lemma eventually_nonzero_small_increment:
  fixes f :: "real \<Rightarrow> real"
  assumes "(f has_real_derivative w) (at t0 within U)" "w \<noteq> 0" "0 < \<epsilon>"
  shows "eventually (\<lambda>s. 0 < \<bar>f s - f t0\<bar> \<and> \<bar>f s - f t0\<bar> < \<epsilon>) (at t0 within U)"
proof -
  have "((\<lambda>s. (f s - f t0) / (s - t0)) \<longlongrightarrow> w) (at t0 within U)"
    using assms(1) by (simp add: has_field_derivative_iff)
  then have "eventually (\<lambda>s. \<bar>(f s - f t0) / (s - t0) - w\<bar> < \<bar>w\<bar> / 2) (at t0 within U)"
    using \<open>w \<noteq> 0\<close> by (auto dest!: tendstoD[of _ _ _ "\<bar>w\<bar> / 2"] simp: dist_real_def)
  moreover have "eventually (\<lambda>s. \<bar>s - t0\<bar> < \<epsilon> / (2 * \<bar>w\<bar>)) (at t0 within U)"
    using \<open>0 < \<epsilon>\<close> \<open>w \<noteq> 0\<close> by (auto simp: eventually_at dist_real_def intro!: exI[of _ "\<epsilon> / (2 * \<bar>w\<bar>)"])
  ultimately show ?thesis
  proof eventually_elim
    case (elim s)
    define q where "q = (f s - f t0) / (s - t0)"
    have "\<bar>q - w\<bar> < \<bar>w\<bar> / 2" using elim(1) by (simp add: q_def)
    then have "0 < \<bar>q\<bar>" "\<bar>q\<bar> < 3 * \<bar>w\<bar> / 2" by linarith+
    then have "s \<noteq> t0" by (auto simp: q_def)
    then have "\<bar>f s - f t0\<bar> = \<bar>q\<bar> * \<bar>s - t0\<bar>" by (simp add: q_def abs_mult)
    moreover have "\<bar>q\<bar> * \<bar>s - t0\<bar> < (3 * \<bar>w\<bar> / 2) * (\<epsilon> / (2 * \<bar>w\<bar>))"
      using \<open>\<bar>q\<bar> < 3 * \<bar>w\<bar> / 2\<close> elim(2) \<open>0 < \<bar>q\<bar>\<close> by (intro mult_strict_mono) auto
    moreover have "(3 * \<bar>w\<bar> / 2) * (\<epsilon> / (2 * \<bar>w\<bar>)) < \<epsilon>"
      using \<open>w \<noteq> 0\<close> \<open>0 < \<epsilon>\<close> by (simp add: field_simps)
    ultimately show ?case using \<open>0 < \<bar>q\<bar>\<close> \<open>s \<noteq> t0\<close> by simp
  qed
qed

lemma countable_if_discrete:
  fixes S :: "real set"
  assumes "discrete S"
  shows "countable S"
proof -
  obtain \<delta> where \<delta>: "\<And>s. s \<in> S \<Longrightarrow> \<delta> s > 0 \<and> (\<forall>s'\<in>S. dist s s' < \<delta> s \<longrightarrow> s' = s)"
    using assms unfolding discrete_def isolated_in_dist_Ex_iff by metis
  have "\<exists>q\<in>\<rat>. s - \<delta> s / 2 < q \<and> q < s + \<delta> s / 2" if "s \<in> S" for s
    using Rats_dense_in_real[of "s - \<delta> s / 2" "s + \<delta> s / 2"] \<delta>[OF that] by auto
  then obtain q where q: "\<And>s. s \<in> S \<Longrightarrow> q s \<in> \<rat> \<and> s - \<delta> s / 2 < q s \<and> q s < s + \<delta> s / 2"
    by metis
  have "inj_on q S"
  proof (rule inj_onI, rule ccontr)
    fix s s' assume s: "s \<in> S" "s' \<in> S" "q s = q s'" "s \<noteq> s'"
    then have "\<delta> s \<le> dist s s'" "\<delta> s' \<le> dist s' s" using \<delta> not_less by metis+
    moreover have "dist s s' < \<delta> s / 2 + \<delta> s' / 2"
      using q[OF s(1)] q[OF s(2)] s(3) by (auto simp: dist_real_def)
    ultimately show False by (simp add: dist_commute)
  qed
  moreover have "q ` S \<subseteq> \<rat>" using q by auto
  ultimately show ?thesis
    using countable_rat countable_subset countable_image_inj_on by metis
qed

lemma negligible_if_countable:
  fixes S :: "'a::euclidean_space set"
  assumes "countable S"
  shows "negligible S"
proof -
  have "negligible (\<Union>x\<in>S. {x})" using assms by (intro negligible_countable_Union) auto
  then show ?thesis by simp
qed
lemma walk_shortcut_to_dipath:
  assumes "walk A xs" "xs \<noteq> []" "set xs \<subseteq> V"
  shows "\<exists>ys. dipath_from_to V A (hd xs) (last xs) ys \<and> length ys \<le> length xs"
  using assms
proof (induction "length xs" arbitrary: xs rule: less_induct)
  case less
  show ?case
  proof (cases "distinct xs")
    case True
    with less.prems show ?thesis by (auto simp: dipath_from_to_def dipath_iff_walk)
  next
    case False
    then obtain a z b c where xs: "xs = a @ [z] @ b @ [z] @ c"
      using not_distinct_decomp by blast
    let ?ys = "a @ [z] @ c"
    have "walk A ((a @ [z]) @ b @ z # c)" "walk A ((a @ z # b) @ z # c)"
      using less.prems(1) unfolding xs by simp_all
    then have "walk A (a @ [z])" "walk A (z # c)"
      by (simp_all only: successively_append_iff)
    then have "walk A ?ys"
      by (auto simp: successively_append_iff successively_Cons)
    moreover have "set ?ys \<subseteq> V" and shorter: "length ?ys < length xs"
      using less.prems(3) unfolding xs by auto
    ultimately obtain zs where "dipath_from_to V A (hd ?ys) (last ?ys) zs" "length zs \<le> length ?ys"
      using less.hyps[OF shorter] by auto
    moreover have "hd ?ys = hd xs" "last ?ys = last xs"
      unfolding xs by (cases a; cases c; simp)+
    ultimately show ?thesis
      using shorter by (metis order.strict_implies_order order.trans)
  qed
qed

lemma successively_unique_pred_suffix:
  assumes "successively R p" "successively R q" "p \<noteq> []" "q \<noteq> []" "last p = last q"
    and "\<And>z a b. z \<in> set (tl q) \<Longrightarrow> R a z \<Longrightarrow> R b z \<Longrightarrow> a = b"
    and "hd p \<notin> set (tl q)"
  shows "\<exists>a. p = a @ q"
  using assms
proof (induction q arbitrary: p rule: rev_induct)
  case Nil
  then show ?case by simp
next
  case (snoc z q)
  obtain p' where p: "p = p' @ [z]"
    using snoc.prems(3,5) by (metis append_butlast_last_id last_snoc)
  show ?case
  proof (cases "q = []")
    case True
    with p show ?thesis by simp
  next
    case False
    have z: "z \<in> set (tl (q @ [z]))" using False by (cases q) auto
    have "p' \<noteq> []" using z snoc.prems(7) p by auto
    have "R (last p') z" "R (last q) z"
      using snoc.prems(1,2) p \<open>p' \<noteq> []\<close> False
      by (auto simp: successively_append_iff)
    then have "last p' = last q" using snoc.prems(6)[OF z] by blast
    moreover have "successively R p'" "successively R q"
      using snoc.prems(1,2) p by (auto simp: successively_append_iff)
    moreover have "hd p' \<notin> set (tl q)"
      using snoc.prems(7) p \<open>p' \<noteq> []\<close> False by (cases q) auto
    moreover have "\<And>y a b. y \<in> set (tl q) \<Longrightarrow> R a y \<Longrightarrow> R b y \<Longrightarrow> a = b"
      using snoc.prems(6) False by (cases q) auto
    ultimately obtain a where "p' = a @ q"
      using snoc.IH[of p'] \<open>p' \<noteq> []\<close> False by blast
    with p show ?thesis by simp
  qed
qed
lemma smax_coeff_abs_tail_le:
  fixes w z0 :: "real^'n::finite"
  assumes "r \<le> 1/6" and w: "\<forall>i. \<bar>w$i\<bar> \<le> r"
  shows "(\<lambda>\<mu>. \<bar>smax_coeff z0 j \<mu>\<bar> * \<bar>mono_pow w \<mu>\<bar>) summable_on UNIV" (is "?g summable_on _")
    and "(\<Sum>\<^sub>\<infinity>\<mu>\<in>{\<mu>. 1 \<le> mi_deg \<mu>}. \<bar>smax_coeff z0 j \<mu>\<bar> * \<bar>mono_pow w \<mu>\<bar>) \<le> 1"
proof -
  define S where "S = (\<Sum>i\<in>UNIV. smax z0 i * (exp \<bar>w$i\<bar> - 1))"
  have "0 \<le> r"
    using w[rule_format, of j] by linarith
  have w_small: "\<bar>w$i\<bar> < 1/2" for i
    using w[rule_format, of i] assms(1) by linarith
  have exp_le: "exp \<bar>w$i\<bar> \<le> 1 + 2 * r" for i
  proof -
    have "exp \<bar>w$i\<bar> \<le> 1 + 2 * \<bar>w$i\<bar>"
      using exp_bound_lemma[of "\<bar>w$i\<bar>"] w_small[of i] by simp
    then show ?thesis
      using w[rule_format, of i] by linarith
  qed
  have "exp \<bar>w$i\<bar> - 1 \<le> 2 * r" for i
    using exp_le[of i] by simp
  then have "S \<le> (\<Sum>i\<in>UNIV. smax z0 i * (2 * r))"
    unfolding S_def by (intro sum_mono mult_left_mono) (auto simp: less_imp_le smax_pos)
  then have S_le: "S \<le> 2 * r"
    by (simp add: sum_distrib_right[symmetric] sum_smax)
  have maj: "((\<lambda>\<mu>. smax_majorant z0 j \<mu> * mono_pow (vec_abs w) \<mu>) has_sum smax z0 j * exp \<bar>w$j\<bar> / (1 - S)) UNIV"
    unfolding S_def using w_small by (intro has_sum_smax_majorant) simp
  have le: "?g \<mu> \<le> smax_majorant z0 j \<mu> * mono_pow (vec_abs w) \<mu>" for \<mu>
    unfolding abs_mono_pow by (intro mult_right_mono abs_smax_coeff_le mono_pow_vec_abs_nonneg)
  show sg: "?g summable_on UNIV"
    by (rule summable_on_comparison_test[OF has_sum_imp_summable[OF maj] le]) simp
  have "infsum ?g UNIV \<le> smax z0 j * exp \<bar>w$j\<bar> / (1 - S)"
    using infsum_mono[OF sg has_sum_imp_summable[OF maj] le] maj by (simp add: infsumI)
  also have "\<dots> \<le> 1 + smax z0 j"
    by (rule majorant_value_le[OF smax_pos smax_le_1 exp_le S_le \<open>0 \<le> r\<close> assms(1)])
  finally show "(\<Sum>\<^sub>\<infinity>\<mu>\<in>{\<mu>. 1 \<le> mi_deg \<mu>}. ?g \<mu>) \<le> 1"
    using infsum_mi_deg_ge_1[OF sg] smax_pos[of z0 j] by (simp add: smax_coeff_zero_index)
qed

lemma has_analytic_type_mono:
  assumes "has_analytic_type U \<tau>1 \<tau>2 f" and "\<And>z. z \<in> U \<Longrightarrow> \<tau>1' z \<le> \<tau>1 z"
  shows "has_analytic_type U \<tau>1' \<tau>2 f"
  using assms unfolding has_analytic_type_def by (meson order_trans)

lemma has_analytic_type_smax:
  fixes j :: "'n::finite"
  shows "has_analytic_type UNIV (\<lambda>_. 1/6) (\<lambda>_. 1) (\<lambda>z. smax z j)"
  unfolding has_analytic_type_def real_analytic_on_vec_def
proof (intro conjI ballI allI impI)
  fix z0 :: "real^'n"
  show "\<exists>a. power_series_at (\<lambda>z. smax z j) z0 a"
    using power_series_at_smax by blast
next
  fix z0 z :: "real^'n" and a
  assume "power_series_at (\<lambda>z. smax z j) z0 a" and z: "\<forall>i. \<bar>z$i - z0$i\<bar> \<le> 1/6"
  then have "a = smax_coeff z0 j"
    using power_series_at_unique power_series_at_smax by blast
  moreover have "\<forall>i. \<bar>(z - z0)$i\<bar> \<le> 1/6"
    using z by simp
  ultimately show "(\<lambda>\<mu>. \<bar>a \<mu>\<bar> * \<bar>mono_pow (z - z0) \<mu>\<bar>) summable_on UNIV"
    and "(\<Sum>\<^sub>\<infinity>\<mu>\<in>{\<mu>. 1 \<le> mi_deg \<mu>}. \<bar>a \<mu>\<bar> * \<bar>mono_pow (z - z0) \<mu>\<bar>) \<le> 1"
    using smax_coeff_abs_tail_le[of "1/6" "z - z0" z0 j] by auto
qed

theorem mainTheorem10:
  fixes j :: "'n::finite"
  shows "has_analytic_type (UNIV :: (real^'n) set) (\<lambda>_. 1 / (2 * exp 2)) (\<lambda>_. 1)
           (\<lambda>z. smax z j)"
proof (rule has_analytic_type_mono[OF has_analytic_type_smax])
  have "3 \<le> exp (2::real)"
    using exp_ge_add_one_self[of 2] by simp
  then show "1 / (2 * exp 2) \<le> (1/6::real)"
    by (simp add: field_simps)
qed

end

- - -

THE TASK
All lines that contain the word "cases" must be copied from the records above.

ANSWER
  proof (cases "distinct xs")
      unfolding xs by (cases a; cases c; simp)+
  proof (cases "q = []")
    have z: "z \<in> set (tl (q @ [z]))" using False by (cases q) auto
      using snoc.prems(7) p \<open>p' \<noteq> []\<close> False by (cases q) auto
      using snoc.prems(6) False by (cases q) auto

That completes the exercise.